Börsen-Zeitung: Die Kapitulation, Kommentar von Claus Döring zur Ablösung von Werner Seifert an der Führungsspitze der Deutschen Börse
Frankfurt (ots)
Das vor Wochen noch Undenkbare ist Wirklichkeit geworden: Angelsächsische Hedgefonds heben die Führungsspitze der Deutschen Börse aus dem Sattel. Dass Aufsichtsratsvorsitzender Rolf-E. Breuer nicht sofort den Bettel hinwirft, sondern um der Sache willen um eine geordnete Übergabe bemüht ist, ändert nichts an der grundlegenden Dramatik dieses Vorgangs. Denn der Vorstandsvorsitzende der Deutschen Börse, dem der Aktionärsaufstand in erster Linie galt, hat die Segel gestrichen. Für die opponierenden Aktionäre unter Führung des Hedgefonds TCI und Schützenhilfe institutioneller Investoren wie Fidelity ist die Kapitulation der Börse-Führung der letzte Sieg in einer Reihe von Schlachten, die in den zurückliegenden Wochen geschlagen wurden.
Den ersten Sieg verzeichneten die angelsächsischen Aktionäre mit dem erzwungenen Verzicht der Deutschen Börse auf die Übernahme der London Stock Exchange. Der zweite Sieg war der Schwenk des Börse- Vorstands in der Ausschüttungsfrage, womit die Forderung der Opponenten nach Auskehrung der für die LSE-Übernahme angesammelten Kriegskasse weitgehend erfüllt wurde. Binnen zwei Jahren will die Börse 1,5 Mrd. Euro durch Dividenden und Aktienrückkäufe ausschütten. Der dritte Sieg ist jetzt der Sturz des Führungsduos Seifert/Breuer. Auf Zwischenlösungen und Kompromisse in der Personalfrage ließen sich die eine Hauptversammlungsmehrheit behauptenden Aktionäre nicht ein: sie wollten Köpfe rollen sehen.

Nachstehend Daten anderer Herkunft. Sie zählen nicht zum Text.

lemma INF_covers_countably_subadditive:
  fixes cost :: "'c \<Rightarrow> ennreal" and Cov :: "'a set \<Rightarrow> 'c set" and B :: "nat \<Rightarrow> 'a set"
  assumes merge: "\<And>cs. (\<And>k. cs k \<in> Cov (B k)) \<Longrightarrow>
                    \<exists>c\<in>Cov (\<Union>k. B k). cost c \<le> (\<Sum>k. cost (cs k))"
  shows "(INF c\<in>Cov (\<Union>k. B k). cost c) \<le> (\<Sum>k. INF c\<in>Cov (B k). cost c)"
proof (rule ennreal_le_epsilon)
  fix e :: real
  assume fin: "(\<Sum>k. INF c\<in>Cov (B k). cost c) < top" and e: "0 < e"
  let ?m = "\<lambda>k. INF c\<in>Cov (B k). cost c"
  have "\<exists>c\<in>Cov (B k). cost c < ?m k + ennreal (e / 2 ^ Suc k)" for k
    using ennreal_suminf_lessD[OF fin] e
    by (intro ennreal_INF_less_add) simp_all
  then obtain cs where cs: "\<And>k. cs k \<in> Cov (B k)"
    and cost_cs: "\<And>k. cost (cs k) < ?m k + ennreal (e / 2 ^ Suc k)"
    by metis
  obtain c where "c \<in> Cov (\<Union>k. B k)" "cost c \<le> (\<Sum>k. cost (cs k))"
    using merge[OF cs] by blast
  then have "(INF c\<in>Cov (\<Union>k. B k). cost c) \<le> (\<Sum>k. cost (cs k))"
    by (rule INF_lower2)
  also have "\<dots> \<le> (\<Sum>k. ?m k + ennreal (e / 2 ^ Suc k))"
    using cost_cs by (intro suminf_le less_imp_le) auto
  also have "\<dots> = (\<Sum>k. ?m k) + (\<Sum>k. ennreal (e / 2 ^ Suc k))"
    by (rule suminf_add[symmetric]) auto
  also have "(\<Sum>k. ennreal (e / 2 ^ Suc k)) = ennreal e"
    using e by (intro suminf_ennreal_half_powers) simp
  finally show "(INF c\<in>Cov (\<Union>k. B k). cost c) \<le> (\<Sum>k. ?m k) + ennreal e" .
qed

section \<open>The Euclidean Hausdorff measure\<close>

lemma euc_hausdorff_delta_mono:
  "A \<subseteq> B \<Longrightarrow> euc_hausdorff_delta s \<delta> A \<le> euc_hausdorff_delta s \<delta> B"
  unfolding euc_hausdorff_delta_def by (intro INF_superset_mono) auto

lemma euc_hausdorff_delta_antimono:
  "\<delta>1 \<le> \<delta>2 \<Longrightarrow> euc_hausdorff_delta s \<delta>2 A \<le> euc_hausdorff_delta s \<delta>1 A"
  unfolding euc_hausdorff_delta_def by (intro INF_superset_mono) (auto intro: less_le_trans)

lemma euc_hausdorff_delta_le: "0 < \<delta> \<Longrightarrow> euc_hausdorff_delta s \<delta> A \<le> euc_hausdorff s A"
  unfolding euc_hausdorff_def by (rule SUP_upper) auto

lemma euc_hausdorff_mono: "A \<subseteq> B \<Longrightarrow> euc_hausdorff s A \<le> euc_hausdorff s B"
  unfolding euc_hausdorff_def by (intro SUP_mono) (auto intro: euc_hausdorff_delta_mono)

lemma euc_hausdorff_empty [simp]: "euc_hausdorff s {} = 0"
proof -
  have "euc_hausdorff_delta s \<delta> {} = 0" if "0 < \<delta>" for \<delta>
    unfolding euc_hausdorff_delta_def using that
    by (intro antisym INF_lower2[of "\<lambda>_. {}"]) auto
  then show ?thesis
    unfolding euc_hausdorff_def by (subst SUP_cong[where D = "\<lambda>_. 0"]) auto
qed

lemma euc_hausdorff_delta_countably_subadditive:
  fixes B :: "nat \<Rightarrow> 'a::euclidean_space set"
  shows "euc_hausdorff_delta s \<delta> (\<Union>k. B k) \<le> (\<Sum>k. euc_hausdorff_delta s \<delta> (B k))"
  unfolding euc_hausdorff_delta_def
proof (rule INF_covers_countably_subadditive
    [where Cov = "\<lambda>A. {C. A \<subseteq> (\<Union>i. C i) \<and> (\<forall>i. bounded (C i) \<and> diameter (C i) < \<delta>)}"
       and cost = "\<lambda>C. \<Sum>i. ennreal (hausdorff_const s * (diameter (C i) / 2) powr s)"])
  let ?g = "\<lambda>C::'a set. ennreal (hausdorff_const s * (diameter C / 2) powr s)"
  fix Cs :: "nat \<Rightarrow> nat \<Rightarrow> 'a set"
  assume Cs: "\<And>k. Cs k \<in> {C. B k \<subseteq> (\<Union>i. C i) \<and> (\<forall>i. bounded (C i) \<and> diameter (C i) < \<delta>)}"
  define C where "C j = (case prod_decode j of (k, i) \<Rightarrow> Cs k i)" for j
  have "B k \<subseteq> (\<Union>j. C j)" for k
  proof
    fix x assume "x \<in> B k"
    then obtain i where "x \<in> Cs k i"
      using Cs[of k] by auto
    then show "x \<in> (\<Union>j. C j)"
      unfolding C_def by (intro UN_I[of "prod_encode (k, i)"]) auto
  qed
  moreover have "bounded (C j) \<and> diameter (C j) < \<delta>" for j
    using Cs unfolding C_def by (auto split: prod.splits)
  ultimately have C: "C \<in> {C. (\<Union>k. B k) \<subseteq> (\<Union>i. C i) \<and> (\<forall>i. bounded (C i) \<and> diameter (C i) < \<delta>)}"
    by blast
  have "(\<Sum>j. ?g (C j)) = (\<Sum>j. (\<lambda>(k, i). ?g (Cs k i)) (prod_decode j))"
    unfolding C_def by (simp add: case_prod_unfold)
  also have "\<dots> = (\<Sum>k. \<Sum>i. ?g (Cs k i))"
    by (rule suminf_ennreal_2dimen) simp
  finally have sum_C: "(\<Sum>j. ?g (C j)) = (\<Sum>k. \<Sum>i. ?g (Cs k i))" .
  show "\<exists>C\<in>{C. (\<Union>k. B k) \<subseteq> (\<Union>i. C i) \<and> (\<forall>i. bounded (C i) \<and> diameter (C i) < \<delta>)}.
      (\<Sum>i. ?g (C i)) \<le> (\<Sum>k. \<Sum>i. ?g (Cs k i))"
  proof (rule bexI[OF _ C])
    show "(\<Sum>i. ?g (C i)) \<le> (\<Sum>k. \<Sum>i. ?g (Cs k i))"
      using sum_C by (rule eq_refl)
  qed
qed

lemma euc_hausdorff_countably_subadditive:
  fixes B :: "nat \<Rightarrow> 'a::euclidean_space set"
  shows "euc_hausdorff s (\<Union>k. B k) \<le> (\<Sum>k. euc_hausdorff s (B k))"
  unfolding euc_hausdorff_def[of s "\<Union>k. B k"]
proof (rule SUP_least)
  fix \<delta> :: real assume "\<delta> \<in> {0<..}"
  then have "(\<Sum>k. euc_hausdorff_delta s \<delta> (B k)) \<le> (\<Sum>k. euc_hausdorff s (B k))"
    by (intro suminf_le euc_hausdorff_delta_le) auto
  then show "euc_hausdorff_delta s \<delta> (\<Union>k. B k) \<le> (\<Sum>k. euc_hausdorff s (B k))"
    by (rule order_trans[OF euc_hausdorff_delta_countably_subadditive])
qed

lemma euc_hausdorff_delta_separated_add:
  fixes P Q :: "'a::euclidean_space set"
  assumes sep: "\<And>p q. p \<in> P \<Longrightarrow> q \<in> Q \<Longrightarrow> \<delta> \<le> dist p q" and "0 < \<delta>"
  shows "euc_hausdorff_delta s \<delta> P + euc_hausdorff_delta s \<delta> Q \<le> euc_hausdorff_delta s \<delta> (P \<union> Q)"
  unfolding euc_hausdorff_delta_def[of s \<delta> "P \<union> Q"]
proof (rule INF_greatest)
  let ?Cov = "\<lambda>A. {C :: nat \<Rightarrow> 'a set. A \<subseteq> (\<Union>i. C i) \<and> (\<forall>i. bounded (C i) \<and> diameter (C i) < \<delta>)}"
  let ?g = "\<lambda>X::'a set. ennreal (hausdorff_const s * (diameter X / 2) powr s)"
  fix C assume "C \<in> ?Cov (P \<union> Q)"
  then have cov: "P \<union> Q \<subseteq> (\<Union>i. C i)" and C: "\<And>i. bounded (C i)" "\<And>i. diameter (C i) < \<delta>"
    by auto
  define CP where "CP i = (if C i \<inter> P = {} then {} else C i)" for i
  define CQ where "CQ i = (if C i \<inter> Q = {} then {} else C i)" for i
  have "C i \<inter> P = {} \<or> C i \<inter> Q = {}" for i
  proof (rule ccontr)
    assume "\<not> ?thesis"
    then obtain p q where "p \<in> C i" "p \<in> P" "q \<in> C i" "q \<in> Q"
      by auto
    then have "\<delta> \<le> diameter (C i)"
      using sep C(1) by (meson diameter_bounded_bound order_trans)
    then show False
      using C(2)[of i] by simp
  qed
  then have split: "?g (CP i) + ?g (CQ i) \<le> ?g (C i)" for i
    unfolding CP_def CQ_def by auto
  have "CP \<in> ?Cov P" "CQ \<in> ?Cov Q"
    using cov C \<open>0 < \<delta>\<close> unfolding CP_def CQ_def by (auto, blast+)
  then have "euc_hausdorff_delta s \<delta> P + euc_hausdorff_delta s \<delta> Q \<le> (\<Sum>i. ?g (CP i)) + (\<Sum>i. ?g (CQ i))"
    unfolding euc_hausdorff_delta_def by (intro add_mono INF_lower)
  also have "\<dots> = (\<Sum>i. ?g (CP i) + ?g (CQ i))"
    by (rule suminf_add) auto
  also have "\<dots> \<le> (\<Sum>i. ?g (C i))"
    using split by (intro suminf_le) auto
  finally show "euc_hausdorff_delta s \<delta> P + euc_hausdorff_delta s \<delta> Q \<le> (\<Sum>i. ?g (C i))" .
qed

lemma euc_hausdorff_separated_add:
  fixes P Q :: "'a::euclidean_space set"
  assumes sep: "\<And>p q. p \<in> P \<Longrightarrow> q \<in> Q \<Longrightarrow> \<gamma> \<le> dist p q" and "0 < \<gamma>"
  shows "euc_hausdorff s P + euc_hausdorff s Q \<le> euc_hausdorff s (P \<union> Q)"
proof -
  have "euc_hausdorff_delta s \<delta>1 P + euc_hausdorff_delta s \<delta>2 Q \<le> euc_hausdorff s (P \<union> Q)"
    if "0 < \<delta>1" "0 < \<delta>2" for \<delta>1 \<delta>2
  proof -
    define \<delta> where "\<delta> = min \<gamma> (min \<delta>1 \<delta>2)"
    have \<delta>: "0 < \<delta>" "\<delta> \<le> \<gamma>" "\<delta> \<le> \<delta>1" "\<delta> \<le> \<delta>2"
      using that \<open>0 < \<gamma>\<close> unfolding \<delta>_def by auto
    have "euc_hausdorff_delta s \<delta>1 P + euc_hausdorff_delta s \<delta>2 Q
        \<le> euc_hausdorff_delta s \<delta> P + euc_hausdorff_delta s \<delta> Q"
      using \<delta> by (intro add_mono euc_hausdorff_delta_antimono)
    also have "\<dots> \<le> euc_hausdorff_delta s \<delta> (P \<union> Q)"
      using \<delta> sep by (intro euc_hausdorff_delta_separated_add) (auto intro: order_trans)
    also have "\<dots> \<le> euc_hausdorff s (P \<union> Q)"
      using \<delta> by (intro euc_hausdorff_delta_le)
    finally show ?thesis .
  qed
  note bound = this
  have "euc_hausdorff s P + euc_hausdorff s Q
      = (SUP \<delta>1\<in>{0<..}. SUP \<delta>2\<in>{0<..}. euc_hausdorff_delta s \<delta>1 P + euc_hausdorff_delta s \<delta>2 Q)"
    unfolding euc_hausdorff_def
    by (subst ennreal_SUP_add_left[symmetric], simp, subst ennreal_SUP_add_right, simp_all)
  also have "\<dots> \<le> euc_hausdorff s (P \<union> Q)"
    using bound by (intro SUP_least) auto
  finally show ?thesis .
qed

section \<open>Metric outer measures\<close>

definition far_from :: "'a::metric_space set \<Rightarrow> 'a set \<Rightarrow> nat \<Rightarrow> 'a set" where
  "far_from F X j = {x \<in> X. 1 / (real j + 1) \<le> infdist x F}"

Es ist müßig, nun zu analysieren, wann und bei welcher Frage Seifert und Breuer in der Auseinandersetzung mit den widerspenstigen eigenen Aktionären die zumindest anfangs ja eine Minderheit darstellten taktische Fehler gemacht haben. Fakt ist: Die Deutsche Börse steht vor einem Scherbenhaufen. Zu verantworten haben dies Seifert und Breuer. Seifert, weil er wiederholt seine strategischen Möglichkeiten überschätzt hat. Breuer, weil er Seifert allzu freie Hand ließ und die Eskalation zwischen dem eigensinnigen Vorstandschef und einem Teil der Aktionäre nicht verhindern konnte.
Verlierer sind das Unternehmen Deutsche Börse AG und der Finanzplatz Deutschland. Ohne ihren Vorstandsvorsitzenden Werner Seifert ist die Deutsche Börse weniger wert, auch wenn in der ersten Reaktion der Aktienkurs nach oben ging. Denn der Eigensinn, der Seifert zum Verhängnis wurde, war zugleich der Motor für eine Erfolgsstory, die man der Deutschen Börse nicht zugetraut hätte und die in der internationalen Börsenlandschaft ihresgleichen sucht.
Aus der Schwächung der Deutschen Börse droht dem Finanzplatz Schaden. Es geht um nicht weniger als die Infrastruktur des Eigenkapitalmarktes in Deutschland. Deshalb darf die Deutsche Börse nicht zum Spielball angelsächsischer Cash-out-Strategen oder Raider werden. Die neuen Großaktionäre haben bisher nicht erkennen lassen, ob sie neben dem Kassemachen strategische Ziele bei der Börse verfolgen, und wenn ja, welche. Wie soll Breuer da einen Nachfolger für Seifert finden? Schließlich kommt es beim künftigen Börse-Chef neben unternehmerischen Fähigkeiten und Kapitalmarktsinn mehr denn je auf das Einvernehmen mit den Aktionären an.